INPUT FOR THIS TASK:
╔══

(* Assume (A1). For every $\lambda\in\mathcal I$, $n\ge1$ and $\epsilon\in(0,1)$, with $\mathbb P$-probability at least $1-\epsilon$, $$ \varrho_\lambda(\mathbb PD_n^S)\le\inf_{\varrho}\Big\{\varrho(\mathbb PD_n^S)+\frac2\lambda\mathcal K(\varrho,\pi_\theta\pi)\Big\}+\frac{2f(n,\lambda)}{\lambda}+\frac2\lambda\log\frac2\epsilon, $$ where the infimum is over all probability measures $\varrho$ on $\Theta\times\mathcal X^n$ and $\varrho(\mathbb PD_n^S)=\int\!\int d(S(X^n),S(y^n))\mathbb P(dy^n)\varrho(d\theta,dX^n)$.
   Context: Setting. $Y^n=(Y_1,\dots,Y_n)$ is the observed sample, i.i.d. on a space $\mathcal Y$; its law on $\mathcal Y^n$ is denoted $\mathbb P$. $\Theta$ carries a prior probability measure $\pi$, and $\{\pi_\theta:\theta\in\Theta\}$ is a measurable family of probability measures on $\mathcal X^n$; $\pi_\theta\pi$ denotes the joint law $\pi(d\theta)\pi_\theta(dX^n)$. $S:\mathcal X^n\cup\mathcal Y^n\to\mathcal S$ is a summary statistic into a metric space $(\mathcal S,d)$. $D_n^S=d(S(X^n),S(Y^n))$, $\mathbb P D_n^S=\int d(S(X^n),S(y^n))\mathbb P(dy^n)$. $\mathcal K$ is the Kullback–Leibler divergence. For $\lambda>0$ the ABC pseudo-posterior is $\varrho_\lambda(d\theta,dX^n)=Z_{\lambda,\pi}^{-1}e^{-\lambda d(S(X^n),S(Y^n))}\pi_\theta(dX^n)\pi(d\theta)$ with $Z_{\lambda,\pi}=\int e^{-\lambda d(S(X^n),S(Y^n))}\pi_\theta(dX^n)\pi(d\theta)$. $\mathcal I\subset(0,\infty)$. (A1) There is $f:\mathbb N\times\mathcal I\to[0,\infty)$ such that for all $\lambda\in\mathcal I$: $\int\!\!\int\!\!\int e^{-\lambda(D_n^S-\mathbb PD_n^S)}\,\mathbb P(dY^n)\pi_\theta(dX^n)\pi(d\theta)\le e^{f(n,\lambda)}$ and the same with $e^{-\lambda(\mathbb PD_n^S-D_n^S)}$. *)

theory Defs
  imports "HOL-Probability.Probability"
begin

definition KLdiv :: "'a measure \<Rightarrow> 'a measure \<Rightarrow> ennreal" where
  "KLdiv rho mu =
     (if absolutely_continuous mu rho \<and> sets rho = sets mu
         \<and> integrable rho (entropy_density (exp 1) mu rho)
      then ennreal (KL_divergence (exp 1) mu rho) else \<infinity>)"

definition joint :: "'t measure \<Rightarrow> ('t \<Rightarrow> 'x measure) \<Rightarrow> 'x measure \<Rightarrow> ('t \<times> 'x) measure" where
  "joint prior K MX = prior \<bind> (\<lambda>\<theta>. K \<theta> \<bind> (\<lambda>x. return (prior \<Otimes>\<^sub>M MX) (\<theta>, x)))"

definition PD :: "'y measure \<Rightarrow> ('x \<Rightarrow> 's::metric_space) \<Rightarrow> ('y \<Rightarrow> 's) \<Rightarrow> 'x \<Rightarrow> ennreal" where
  "PD P SX SY x = (\<integral>\<^sup>+ y. ennreal (dist (SX x) (SY y)) \<partial>P)"

definition exp_neg_shift :: "real \<Rightarrow> real \<Rightarrow> ennreal \<Rightarrow> ennreal" where
  "exp_neg_shift l a b = (if b = \<infinity> then 0 else ennreal (exp (- l * (a - enn2real b))))"

definition exp_pos_shift :: "real \<Rightarrow> real \<Rightarrow> ennreal \<Rightarrow> ennreal" where
  "exp_pos_shift l a b = (if b = \<infinity> then \<infinity> else ennreal (exp (- l * (enn2real b - a))))"

definition Zconst :: "('t \<times> 'x) measure \<Rightarrow> ('x \<Rightarrow> 's::metric_space) \<Rightarrow> ('y \<Rightarrow> 's) \<Rightarrow> real \<Rightarrow> 'y \<Rightarrow> ennreal" where
  "Zconst J SX SY l y = (\<integral>\<^sup>+ z. ennreal (exp (- l * dist (SX (snd z)) (SY y))) \<partial>J)"

definition abc_post :: "('t \<times> 'x) measure \<Rightarrow> ('x \<Rightarrow> 's::metric_space) \<Rightarrow> ('y \<Rightarrow> 's) \<Rightarrow> real \<Rightarrow> 'y \<Rightarrow> ('t \<times> 'x) measure" where
  "abc_post J SX SY l y =
     density J (\<lambda>z. ennreal (exp (- l * dist (SX (snd z)) (SY y))) / Zconst J SX SY l y)"

end

theory Submission
  imports Defs
begin

text \<open>
  The ABC pseudo-posterior is the Gibbs measure \<open>e^(-\<lambda> D) \<pi> / Z\<close> with
  \<open>D = d(S(X^n), S(y))\<close>; let \<open>p\<close> be the expected discrepancy \<open>P D_n^S\<close>. If both exponential
  moments \<open>\<pi>(e^(\<lambda>(p - D)))\<close> and \<open>\<pi>(e^(\<lambda>(D - p)))\<close> are at most \<open>c\<close>, the Fenchel--Young
  inequality \<open>t q \<le> q ln q - q + e^t\<close> (i.e. the Donsker--Varadhan variational formula)
  gives \<open>\<rho>\<^sub>\<lambda>(p) \<le> (ln c - ln Z) / \<lambda>\<close> and, for every \<open>\<rho>\<close> with finite divergence,
  \<open>-ln Z \<le> \<lambda> \<rho>(p) + 2 K(\<rho>, \<pi>) + ln c\<close>. Together they give the oracle inequality with
  remainder \<open>2 ln c / \<lambda>\<close>. By (A1), Fubini and Markov's inequality, both moments are at most
  \<open>c = 2 e^f(n, \<lambda>) / \<epsilon>\<close> outside an event of probability \<open>\<epsilon>\<close>.
\<close>

lemma fenchel_young_exp:
  fixes q t :: real
  assumes "0 \<le> q"
  shows "t * q \<le> q * ln q - q + exp t"
proof (cases "q = 0")
  case False
  then have q: "0 < q" using assms by simp
  have "1 + (t - ln q) \<le> exp t / q"
    using exp_ge_add_one_self[of "t - ln q"] q by (simp add: exp_diff)
  then have "q * (1 + (t - ln q)) \<le> exp t"
    using q by (simp add: field_simps)
  then show ?thesis by (simp add: algebra_simps)
qed simp

lemma integrable_integral_le_of_nn_integral_le:
  fixes f :: "'a \<Rightarrow> real"
  assumes [measurable]: "f \<in> borel_measurable M" and nonneg: "\<And>z. 0 \<le> f z"
    and le: "(\<integral>\<^sup>+ z. ennreal (f z) \<partial>M) \<le> ennreal c" and "0 \<le> c"
  shows "integrable M f" "integral\<^sup>L M f \<le> c"
proof -
  show int: "integrable M f"
    using le by (intro integrableI_nonneg) (auto simp: nonneg top_unique less_top[symmetric])
  have "ennreal (integral\<^sup>L M f) \<le> ennreal c"
    using le nn_integral_eq_integral[OF int] nonneg by simp
  then show "integral\<^sup>L M f \<le> c" using \<open>0 \<le> c\<close> by simp
qed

╚══

PROBLEM DESCRIPTION: From the listing above, return the lines starting at the one with "moments \<open>\<pi>(e^(\<lambda>(p - D)))\<close>" and ending at the one with "remainder \<open>2 ln", both kept, exactly as they appear and nothing more.

RESPONSE:
  moments \<open>\<pi>(e^(\<lambda>(p - D)))\<close> and \<open>\<pi>(e^(\<lambda>(D - p)))\<close> are at most \<open>c\<close>, the Fenchel--Young
  inequality \<open>t q \<le> q ln q - q + e^t\<close> (i.e. the Donsker--Varadhan variational formula)
  gives \<open>\<rho>\<^sub>\<lambda>(p) \<le> (ln c - ln Z) / \<lambda>\<close> and, for every \<open>\<rho>\<close> with finite divergence,
  \<open>-ln Z \<le> \<lambda> \<rho>(p) + 2 K(\<rho>, \<pi>) + ln c\<close>. Together they give the oracle inequality with
  remainder \<open>2 ln c / \<lambda>\<close>. By (A1), Fubini and Markov's inequality, both moments are at most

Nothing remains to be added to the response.